Input material -
►

(* Let $I\subset K[x,y]$ be a monomial ideal. Then the following are equivalent: (1) $I$ satisfies the non-pure dual exchange property; (2) $I$ satisfies the non-pure exchange property; (3) $I$ is componentwise polymatroidal.
   Context: For a monomial $u$, $\deg_{x_i}(u)$ is the exponent of the variable $x_i$ in $u$; $G(I)$ is the minimal monomial generating set. A monomial ideal generated in a single degree is polymatroidal if for all $u,v\in G(I)$ and all $i$ with $\deg_{x_i}(u)>\deg_{x_i}(v)$ there exists $j$ with $\deg_{x_j}(u)<\deg_{x_j}(v)$ and $x_j(u/x_i)\in I$. $I_{\langle j\rangle}$ denotes the ideal generated by all monomials of degree $j$ in $I$; $I$ is componentwise polymatroidal if every nonzero $I_{\langle j\rangle}$ is polymatroidal. $I$ satisfies the non-pure exchange property if for all $u,v \in G(I)$ with $\deg(u)\leq \deg(v)$ and all $i$ with $\deg_{x_i}(v) > \deg_{x_i}(u)$, there exists $j$ with $\deg_{x_j}(v)< \deg_{x_j}(u)$ and $x_j(v/x_i) \in I$. $I$ satisfies the non-pure dual exchange property if for all $u,v \in G(I)$ with $\deg(u) \leq \deg(v)$ and all $i$ with $\deg_{x_i}(v) < \deg_{x_i}(u)$, there exists $j$ with $\deg_{x_j}(v) > \deg_{x_j}(u)$ and $x_i(v/x_j) \in I$. *)

theory Defs
  imports Main
begin

text \<open>Monomials in the polynomial ring K[x_0,...,x_{n-1}] are represented by their
exponent vectors u :: nat => nat (deg_{x_i}(u) = u i), vanishing outside {0..<n}.
A monomial ideal is represented by the set of monomials it contains (which determines
it uniquely, independently of the field K): an upward closed set of monomials
w.r.t. divisibility.\<close>

definition monomials :: "nat \<Rightarrow> (nat \<Rightarrow> nat) set" where
  "monomials n = {u. \<forall>i\<ge>n. u i = 0}"
(* Let $A_S$ be a single-layer GCNN model with graph convolution filter $g(\mathbf{L})$, trained on a training set $S$ of $m$ samples using the SGD algorithm (as described in the context) for $T$ iterations, where the loss function $\ell$ and the activation function $\sigma$ are Lipschitz-continuous and smooth (in the sense of the context) and the loss takes values in $[0,M]$. Then for every $\delta\in(0,1)$, with probability at least $1-\delta$ over the random draw of $S$, $$\mathbf{E}_{\textsc{sgd}}\big[R(A_S)-R_{emp}(A_S)\big]\le \frac{1}{m}\,\mathcal{O}\big((\lambda_G^{\max})^{2T}\big)+\Big(\mathcal{O}\big((\lambda_G^{\max})^{2T}\big)+M\Big)\sqrt{\frac{\log\frac{1}{\delta}}{2m}},$$ where $\mathbf{E}_{\textsc{sgd}}$ is the expectation over the randomness of SGD.
   Context: Setting. $G$ is a graph on $N$ nodes with graph Laplacian $\mathbf{L}=\mathbf{D}-\mathbf{A}$ ($\mathbf{A}$ adjacency, $\mathbf{D}$ degree matrix). A graph filter is a matrix $g(\mathbf{L})\in\mathbb{R}^{N\times N}$ (a function of $\mathbf{L}$ or of a degree-normalized version of it); $\lambda_G^{\max}$ denotes the largest singular value of $g(\mathbf{L})$ (equal to its largest absolute eigenvalue when $g(\mathbf{L})$ is symmetric/normal). For a node $\mathbf{x}$ write $e_{\cdot j}=[g(\mathbf{L})]_{\mathbf{x}j}$ and $\mathcal{N}(\mathbf{x})=\{j: [g(\mathbf{L})]_{\mathbf{x}j}\neq 0\}$ (including $\mathbf{x}$); the ego-graph of $\mathbf{x}$ is the subgraph on $\mathcal{N}(\mathbf{x})$. Each node $j$ carries a scalar feature $\mathbf{x}_j\in\mathbb{R}$, and the features are normalized so that, for every node $\mathbf{x}$, the vector of features on its ego-graph has Euclidean norm $1$. A single-layer GCNN with parameter $\bm{\theta}\in\mathbb{R}$ outputs at node $\mathbf{x}$: $f(\mathbf{x},\bm{\theta})=\sigma\big(\sum_{j\in\mathcal{N}(\mathbf{x})}e_{\cdot j}\mathbf{x}_j\bm{\theta}\big)$. Data. A sample is $\mathbf{z}=(\mathbf{x},y)$ (a node, i.e. its ego-graph, with a real label $y$), drawn i.i.d. from an unknown distribution $\mathcal{D}$; $S=\{\mathbf{z}_1,\dots,\mathbf{z}_m\}$ with $m\le N$. $A_S$ denotes the model $f(\cdot,\bm{\theta}_S)$ with $\bm{\theta}_S$ the parameter output by training on $S$. Risk $R(A_S)=\mathbf{E}_{\mathbf{z}\sim\mathcal{D}}[\ell(A_S,\mathbf{z})]$, empirical risk $R_{emp}(A_S)=\frac1m\sum_{j=1}^m\ell(A_S,\mathbf{z}_j)$, where $\ell(A_S,\mathbf{z})=\ell(f(\mathbf{x},\bm{\theta}_S),y)$. SGD. Starting from an initial $\bm{\theta}_{S,0}$, at step $t$ an index $i_t$ is chosen uniformly at random from $\{1,\dots,m\}$ and $\bm{\theta}_{S,t+1}=\bm{\theta}_{S,t}-\eta\nabla_{\bm{\theta}}\ell(f(\mathbf{x}_{i_t},\bm{\theta}_{S,t}),y_{i_t})$ with learning rate $\eta>0$; $\bm{\theta}_S=\bm{\theta}_{S,T}$. Regularity. Activation: $|\sigma'(u)|\le\alpha_\sigma$ and $|\sigma'(u)-\sigma'(v)|\le\nu_\sigma|u-v|$ for all $u,v$. Loss: $|\ell(f,y)-\ell(f',y)|\le\alpha_\ell|f-f'|$ and $|\nabla_{\bm\theta}\ell(f(\cdot),y)-\nabla_{\bm\theta}\ell(f'(\cdot),y)|\le\nu_\ell|\nabla_{\bm\theta}f(\cdot)-\nabla_{\bm\theta}f'(\cdot)|$. The $\mathcal{O}(\cdot)$ terms hide factors depending only on $\eta,\alpha_\ell,\alpha_\sigma,\nu_\ell,\nu_\sigma,T$ (not on $m$). *)

theory Defs
  imports "HOL-Probability.Probability"
begin

text \<open>Nodes of the graph are 0,...,N-1. A graph filter g(L) is an N x N real matrix,
  represented as g :: nat => nat => real (entries outside {..<N} are irrelevant).
  Vectors of R^N are functions nat => real vanishing outside {..<N}.\<close>

type_synonym filter = "nat \<Rightarrow> nat \<Rightarrow> real"

definition largest_singular_value :: "nat \<Rightarrow> filter \<Rightarrow> real" where
  "largest_singular_value N A =
     sqrt (Max {\<mu>. \<exists>v::nat \<Rightarrow> real. (\<forall>i\<ge>N. v i = 0) \<and> (\<exists>i<N. v i \<noteq> 0) \<and>
                 (\<forall>i<N. (\<Sum>k<N. (\<Sum>j<N. A j i * A j k) * v k) = \<mu> * v i)})"

definition ego_nodes :: "nat \<Rightarrow> filter \<Rightarrow> nat \<Rightarrow> nat set" where
  "ego_nodes N g x = {j. j < N \<and> g x j \<noteq> 0} \<union> {x}"
lemma submatrix_mat_diag_lessThan:
  assumes "k \<le> n"
  shows "submatrix (mat_diag n f) {..<k} {..<k} = mat_diag k f"
proof -
  have "{i. i < n \<and> i \<in> {..<k}} = {..<k}" using assms by auto
  then have card: "card {i. i < n \<and> i \<in> {..<k}} = k" by simp
  have pick: "pick {..<k} a = a" if "a < k" for a
  proof -
    have "{x \<in> {..<k}. x < a} = {..<a}" using that by auto
    then show ?thesis using pick_card_in_set[of a "{..<k}"] that by simp
  qed
  show ?thesis
  proof (rule eq_matI)
    fix a b assume "a < dim_row (mat_diag k f)" "b < dim_col (mat_diag k f)"
    then have ab: "a < k" "b < k" by auto
    then have "submatrix (mat_diag n f) {..<k} {..<k} $$ (a,b) = mat_diag n f $$ (pick {..<k} a, pick {..<k} b)"
      by (intro submatrix_index) (simp_all only: card dim_mat_diag)
    then show "submatrix (mat_diag n f) {..<k} {..<k} $$ (a,b) = mat_diag k f $$ (a,b)"
      using ab pick assms by simp
  qed (simp_all only: dim_submatrix card dim_mat_diag)
qed

lemma rank_mat_diag_ge:
  fixes f :: "nat \<Rightarrow> 'a::field"
  assumes "k \<le> n" and "\<And>t. t < k \<Longrightarrow> f t \<noteq> 0"
  shows "k \<le> vec_space.rank n (mat_diag n f)"
proof -
  interpret V: vec_space "TYPE('a)" n .
  have "det (submatrix (mat_diag n f) {..<k} {..<k}) \<noteq> 0"
    unfolding submatrix_mat_diag_lessThan[OF assms(1)] det_mat_diag using assms(2) by simp
  moreover have "{j. j < n \<and> j \<in> {..<k}} = {..<k}" using assms(1) by auto
  ultimately show ?thesis using V.rank_gt_minor[OF mat_diag_dim] by fastforce
qed

lemma codim_mat_diag_eq_rank:
  fixes f :: "nat \<Rightarrow> complex"
  shows "codim n (mat_diag n f) = vec_space.rank n (mat_diag n (\<lambda>t. f t - 1))"
  using mat_diag_minus[of n f "\<lambda>_. 1"] unfolding codim_eq_rank by simp

lemma codim_mat_diag_le:
  assumes "finite S" and "\<And>t. t < n \<Longrightarrow> t \<notin> S \<Longrightarrow> f t = 1"
  shows "codim n (mat_diag n f) \<le> card S"
  unfolding codim_mat_diag_eq_rank by (rule rank_mat_diag_le) (use assms in auto)

lemma codim_mat_diag:
  assumes "k \<le> n" and "\<And>t. t < n \<Longrightarrow> f t \<noteq> 1 \<longleftrightarrow> t < k"
  shows "codim n (mat_diag n f) = k"
proof -
  have "codim n (mat_diag n f) \<le> k"
    using codim_mat_diag_le[of "{..<k}" n f] assms by force
  moreover have "k \<le> codim n (mat_diag n f)"
    unfolding codim_mat_diag_eq_rank by (rule rank_mat_diag_ge) (use assms in auto)
  ultimately show ?thesis by simp
qed

section \<open>Monomial matrices and reflections of G(m,p,n)\<close>

lemma monomial_mat_permutes:
  assumes A: "A \<in> carrier_mat n n" and \<sigma>: "\<sigma> permutes {..<n}"
    and nz: "\<And>i j. i < n \<Longrightarrow> j < n \<Longrightarrow> A $$ (i,j) \<noteq> 0 \<longleftrightarrow> j = \<sigma> i"
  shows "monomial_mat n A" and "nz_prod n A = (\<Prod>i<n. A $$ (i, \<sigma> i))"
proof -
  have bij: "bij_betw \<sigma> {..<n} {..<n}" by (rule permutes_imp_bij[OF \<sigma>])
  then have \<sigma>n: "\<sigma> i < n" if "i < n" for i using that unfolding bij_betw_def by auto
  show "monomial_mat n A" unfolding monomial_mat_def
  proof (intro conjI allI impI A)
    fix i assume i: "i < n"
    show "\<exists>!j. j < n \<and> A $$ (i, j) \<noteq> 0" using nz[OF i] \<sigma>n[OF i] by auto
  next
    fix j assume j: "j < n"
    then obtain i where i: "i < n" "\<sigma> i = j"
      using bij unfolding bij_betw_def by (metis imageE lessThan_iff)
    show "\<exists>!i. i < n \<and> A $$ (i, j) \<noteq> 0"
    proof (rule ex1I[of _ i])
      show "i < n \<and> A $$ (i, j) \<noteq> 0" using nz[OF i(1) j] i by auto
      fix i' assume "i' < n \<and> A $$ (i', j) \<noteq> 0"
      then have "i' < n" "\<sigma> i' = \<sigma> i" using nz[OF _ j] i by auto
      then show "i' = i" using bij i(1) unfolding bij_betw_def inj_on_def by auto
    qed
  qed
  have "{(i,j). i < n \<and> j < n \<and> A $$ (i,j) \<noteq> 0} = (\<lambda>i. (i, \<sigma> i)) ` {..<n}"
    using nz \<sigma>n by auto
  moreover have "inj_on (\<lambda>i. (i, \<sigma> i)) {..<n}" by (auto simp: inj_on_def)
  ultimately show "nz_prod n A = (\<Prod>i<n. A $$ (i, \<sigma> i))"
    unfolding nz_prod_def by (simp add: prod.reindex comp_def)
qed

◄

To answer, state the number of lines in the records holding the string "moreover", and leave out everything else.

Solved problem -
3